The case dragged on for years with multiple appeals, calls for a pardon. The two men were sentenced to death by electrical current. Protests erupted in major cities. Bombs were sent to the Judge’s home and even to some of jurors which thankfully had been intercepted. The sentence was carried out in August of 1927 and the men maintained their innocence until the end.
The Scopes Trial is also sometimes referred to as the monkey trial. John T. Scopes a science teacher in Tennessee was arrested and fined for teaching evolution. The Butler Act made it illegal for any teacher to teach evolution in a state funded school. The ACLU announced it would finance a test case to challenge the constitutionality of the Butler Act. John T. Scopes incriminated himself. Former politician and once Presidential candidate (3 times) William Jennings Bryan who himself was an anti-evolution activist agreed to take on the case for the Prosecution. Clarence Darrow took up the defense for the ACLU. The trial took place in 1925 and it didn’t take jurors long to deliver their Guilty verdict… a whopping 9 minutes. The law was upheld.

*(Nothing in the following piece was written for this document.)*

(* For every permutation $\sigma$ and every Cayley permutation $y$, $$\mathcal{F}(\sigma)=\gamma\bigl(\mathrm{Modasc}[\sigma^{-1}]\bigr)\qquad\text{and}\qquad \gamma\bigl(\mathrm{Modasc}[y]\bigr)=\mathcal{F}\bigl(\gamma(y)\bigr).$$ In other words, the set of Fishburn permutations avoiding $\sigma$ is the image under $\gamma$ of the set of modified ascent sequences avoiding every Cayley permutation in the class $[\sigma^{-1}]$.
   Context: A Cayley permutation of length $n$ is a word $x=x(1)\cdots x(n)$ of positive integers in which every integer from $1$ to $\max(x)$ occurs (the empty word is the unique one of length $0$); $\mathrm{Cay}_n$ is the set of these and $\mathrm{Cay}=\bigcup_n\mathrm{Cay}_n$. Permutations of $[n]$ (in one-line notation) are exactly the Cayley permutations without repeated letters; $\mathcal{S}$ denotes the set of all permutations. A Cayley permutation $y$ of length $k$ is contained in $x$ of length $n$ (written $y\le x$) if there are indices $i_1<\dots<i_k$ with $x(i_s)<x(i_t)\iff y(s)<y(t)$ and $x(i_s)=x(i_t)\iff y(s)=y(t)$ for all $s,t$; otherwise $x$ avoids $y$. For $E\subseteq\mathrm{Cay}$ and a set $P$ of patterns, $E(P)$ is the set of elements of $E$ avoiding every pattern in $P$. For $x\in\mathrm{Cay}_n$, $\gamma(x)\in\mathcal{S}_n$ is obtained by sorting the pairs $(x(i),i)$, $i=1,\dots,n$, in increasing order of first coordinate, breaking ties by decreasing order of second coordinate, and reading off the second coordinates. (For a permutation $\pi$, $\gamma(\pi)=\pi^{-1}$.) Write $x\sim y$ iff $\gamma(x)=\gamma(y)$, and let $[y]$ be the equivalence class of $y$. For $E\subseteq\mathrm{Cay}$ and $y\in\mathrm{Cay}$, $E[y]$ denotes the set of $x\in E$ that avoid every element of $[y]$; $\gamma(E)=\{\gamma(x):x\in E\}$. Modified ascent sequences: $\mathrm{Modasc}_0=\{\text{empty word}\}$, $\mathrm{Modasc}_1=\{1\}$, and for $n\ge2$, $x\in\mathrm{Modasc}_n$ iff there is $v\in\mathrm{Modasc}_{n-1}$ with last letter $b$ such that either $x=va$ with $1\le a\le b$, or $x=\tilde v a$ with $b<a\le 2+\mathrm{asc}(v)$, where $\mathrm{asc}(v)$ is the number of $i$ with $v(i)<v(i+1)$ and $\tilde v$ is obtained from $v$ by increasing by one every entry $c\ge a$. $\mathrm{Modasc}=\bigcup_n\mathrm{Modasc}_n\subseteq\mathrm{Cay}$. Fishburn permutations: a permutation $\pi$ of $[n]$ is Fishburn if there are no indices $i$ and $k>i+1$ with $\pi(i)<\pi(i+1)$ and $\pi(k)=\pi(i)-1$ (i.e. $\pi$ avoids the bivincular pattern $(231,\{1\},\{1\})$). $\mathcal{F}$ is the set of Fishburn permutations, and $\mathcal{F}(\sigma)$ the set of those avoiding $\sigma$. (The restriction of $\gamma$ to $\mathrm{Modasc}$ is a bijection onto $\mathcal{F}$.) *)

theory Defs
  imports Main "HOL-Library.Product_Lexorder"
begin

When it comes to race relations in the United States during the 1920s, the post WWI era sees race riots throughout the country. Jim Crow and Segregation is the law of the land in the South. The Great Migration, the movement of black Americans from the south to Northern cities. You have Black WWI veterans being lynched in their uniforms. DW Griffith’s birth of a Nation, a film about two families living south of the Mason-Dixon Line. It chronicles the time period of the Civil War, the assassination of Lincoln, Reconstruction and portrays the Antebellum south. During the 1920s we also see the resurgence of the KKK. With rapid changes occurring – things like Industrialization, Immigration, and urbanization – we see an increase in Klan activity. You have local chapters throughout the country not just in the South. Membership grew into the million. In addition to terrorizing black, the new Klan also went after immigrants. Seeing these new additions to American society as posing a threat to the white protestant America they were trying to protect. The Klan was especially hostile and violent to Blacks, Catholics and Jews.

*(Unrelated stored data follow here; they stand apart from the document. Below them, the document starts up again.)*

definition elog_enn :: "ennreal \<Rightarrow> ereal" where
  "elog_enn z = (if z = 0 then -\<infinity> else if z = top then \<infinity> else ereal (ln (enn2real z)))"

definition clam :: "real \<Rightarrow> 'h::euclidean_space \<Rightarrow> 'h \<Rightarrow> ereal" where
  "clam l u v = (if l = 0 then ereal (u \<bullet> v) else ereal (1 / l) * elog (1 + l * (u \<bullet> v)))"

definition expc :: "real \<Rightarrow> 'h::euclidean_space \<Rightarrow> 'h \<Rightarrow> real" where
  "expc l u v = (if 1 + l * (u \<bullet> v) > 0 then exp (real_of_ereal (clam l u v)) else 0)"

definition Zlam :: "'x measure \<Rightarrow> ('x \<Rightarrow> 'h::euclidean_space) \<Rightarrow> real \<Rightarrow> 'h \<Rightarrow> ennreal" where
  "Zlam m T l \<theta> = (\<integral>\<^sup>+ x. ennreal (expc l \<theta> (T x)) \<partial>m)"

definition philam :: "'x measure \<Rightarrow> ('x \<Rightarrow> 'h::euclidean_space) \<Rightarrow> real \<Rightarrow> 'h \<Rightarrow> ereal" where
  "philam m T l \<theta> = elog_enn (Zlam m T l \<theta>)"

definition dom_phi :: "'x measure \<Rightarrow> ('x \<Rightarrow> 'h::euclidean_space) \<Rightarrow> real \<Rightarrow> 'h set" where
  "dom_phi m T l = {\<theta>. philam m T l \<theta> < \<infinity>}"

text \<open>Density q_theta = exp(c_lambda(theta,T) - phi_lambda(theta)) (used for theta in the domain).\<close>
definition qlam :: "'x measure \<Rightarrow> ('x \<Rightarrow> 'h::euclidean_space) \<Rightarrow> real \<Rightarrow> 'h \<Rightarrow> 'x \<Rightarrow> real" where
  "qlam m T l \<theta> x = expc l \<theta> (T x) * exp (- real_of_ereal (philam m T l \<theta>))"

definition supp :: "'x measure \<Rightarrow> ('x \<Rightarrow> 'h::euclidean_space) \<Rightarrow> real \<Rightarrow> 'h \<Rightarrow> 'x set" where
  "supp m T l \<theta> = {x \<in> space m. 1 + l * (\<theta> \<bullet> T x) > 0}"

definition expect :: "'x measure \<Rightarrow> ('x \<Rightarrow> real) \<Rightarrow> ('x \<Rightarrow> 'b::{banach,second_countable_topology}) \<Rightarrow> 'b" where
  "expect m p f = (\<integral> x. p x *\<^sub>R f x \<partial>m)"

definition escort :: "'x measure \<Rightarrow> real \<Rightarrow> ('x \<Rightarrow> real) \<Rightarrow> 'x \<Rightarrow> real" where
  "escort m \<alpha> p x = p x powr \<alpha> / (\<integral> y. p y powr \<alpha> \<partial>m)"

definition compatible :: "'x measure \<Rightarrow> ('x \<Rightarrow> 'h::euclidean_space) \<Rightarrow> real \<Rightarrow> real \<Rightarrow> ('x \<Rightarrow> real) \<Rightarrow> 'h \<Rightarrow> bool" where
  "compatible m T l \<alpha> p \<theta> \<longleftrightarrow>
     (let S = supp m T l \<theta> in
       (\<integral>\<^sup>+ x. ennreal ((p x * indicator S x) powr \<alpha>) \<partial>m) \<in> {0<..<top} \<and>
       integrable m (\<lambda>x. (p x * indicator S x) powr \<alpha> *\<^sub>R T x))"

definition renyi_entropy :: "'x measure \<Rightarrow> real \<Rightarrow> ('x \<Rightarrow> real) \<Rightarrow> real" where
  "renyi_entropy m \<alpha> p =
     (if \<alpha> = 1 then - (\<integral> x. p x * ln (p x) \<partial>m)
      else 1 / (1 - \<alpha>) * ln (\<integral> x. p x powr \<alpha> \<partial>m))"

New inventions that changed life in the 1920s. The biggest thing is the increase in the number of homes that had electricity. Gone were the need for blocks of ice for one’s ice box – now you could have a refrigerator. Gone were the days of washing clothes one at a time on wash board, now you could buy a washing machine, an electric toaster, electric iron. We have done whole episodes on the automobile, the radio, telephone and airplane. All of these inventions are making life easier. With the expansion of consumer credit, people who may not have otherwise been able to afford these new inventions now could with paying installments or buying on credit.

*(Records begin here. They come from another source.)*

lemma ad_f1_in_a:
  assumes "x \<in> a"
  shows "br f1 x \<in> a"
proof -
  have "br f1 x = - J (br f1 (J x))"
    using ad_f1_J[OF J_a[OF assms]] by (metis J_J bracket_simps(8) minus_minus)
  then have "inner f2 (br f1 x) = - inner f1 (br f1 (J x))" by simp
  also have "\<dots> = 0" using ad_f1_a_f1_component[OF J_a[OF assms]] by simp
  finally have "a_part (br f1 x) = br f1 x"
    using ad_f1_a_f1_component[OF assms] unfolding a_part_def by simp
  then show ?thesis by (metis a_part_in_a)
qed

lemma bracket_f12_decomp: "br f1 f2 = inner f2 (br f1 f2) *\<^sub>R f2 + a_part (br f1 f2)"
  using a_part_decomp[of "br f1 f2"] bracket_f12_f1_component by simp

lemma linear_frame_expansion:
  assumes "linear \<theta>"
  shows "\<theta> x = inner f1 x * \<theta> f1 + inner f2 x * \<theta> f2 + \<theta> (a_part x)"
  using assms by (subst (1) a_part_decomp[of x]) (simp add: linear_add linear_cmul)

lemma lee_f2_eq_0:
  assumes "lee_form br J \<theta>" "y \<in> a" "y \<noteq> 0"
  shows "\<theta> f2 = 0"
proof -
  have Jy: "J y \<in> a" using J_a assms(2) .
  have "br (J y) f2 = 0" using bracket_antisym[of f2 "J y"] ad_f2_a[OF Jy] by simp
  then have "\<theta> f2 * inner y y = 0"
    using lee_formD(3)[OF assms(1), of f2 y "J y"] ad_f2_a assms(2) Jy a_abelian[OF assms(2) Jy]
    by (simp add: inner_J_left)
  then show ?thesis using assms(3) by simp
qed

lemma lee_on_a:
  assumes "lee_form br J \<theta>" "z \<in> a"
  shows "\<theta> z = - inner (J (a_part (br f1 f2))) z"
proof -
  have "br z f1 = - br f1 z" by (rule bracket_antisym)
  then have "\<theta> z = - inner (J (br f1 f2)) z"
    using lee_formD(3)[OF assms(1), of f1 f2 z] ad_f2_a[OF assms(2)] assms(2) ad_f1_in_a[OF assms(2)]
    by (simp add: inner_J_left)
  also have "J (br f1 f2) = - inner f2 (br f1 f2) *\<^sub>R f1 + J (a_part (br f1 f2))"
    by (subst bracket_f12_decomp) simp
  finally show ?thesis using assms(2) by (simp add: inner_add_left inner_diff_left)
qed

lemma lee_ad_f1_diagonal:
  assumes "lee_form br J \<theta>" "y \<in> a"
  shows "inner (br f1 y) y = - (\<theta> f1 / 2) * inner y y"
proof -
  have Jy: "J y \<in> a" using J_a assms(2) .
  have "br (J y) f1 = - J (br f1 y)" using bracket_antisym[of f1 "J y"] ad_f1_J[OF assms(2)] by simp
  then have "- 2 * inner (br f1 y) y = \<theta> f1 * inner y y"
    using lee_formD(3)[OF assms(1), of f1 y "J y"] a_abelian[OF assms(2) Jy] Jy assms(2) J_f1
    by simp
  then show ?thesis by simp
qed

When people think of the 1920s, they often think of the image of the flapper and people living the high life. A small faction of people were making BIG Money. Life was hard for farmers in rural America. More and More immigrants were coming into the United States and were not treated well. Different groups being the bigger target at different times. We are seeing significant changes in American Society – Socially, economically and politically. By the end of the decade, the economic prosperity enjoyed by some would come to an end with the stock market crash of 1929 and the Great Depression would be felt by all Americans, some more than others.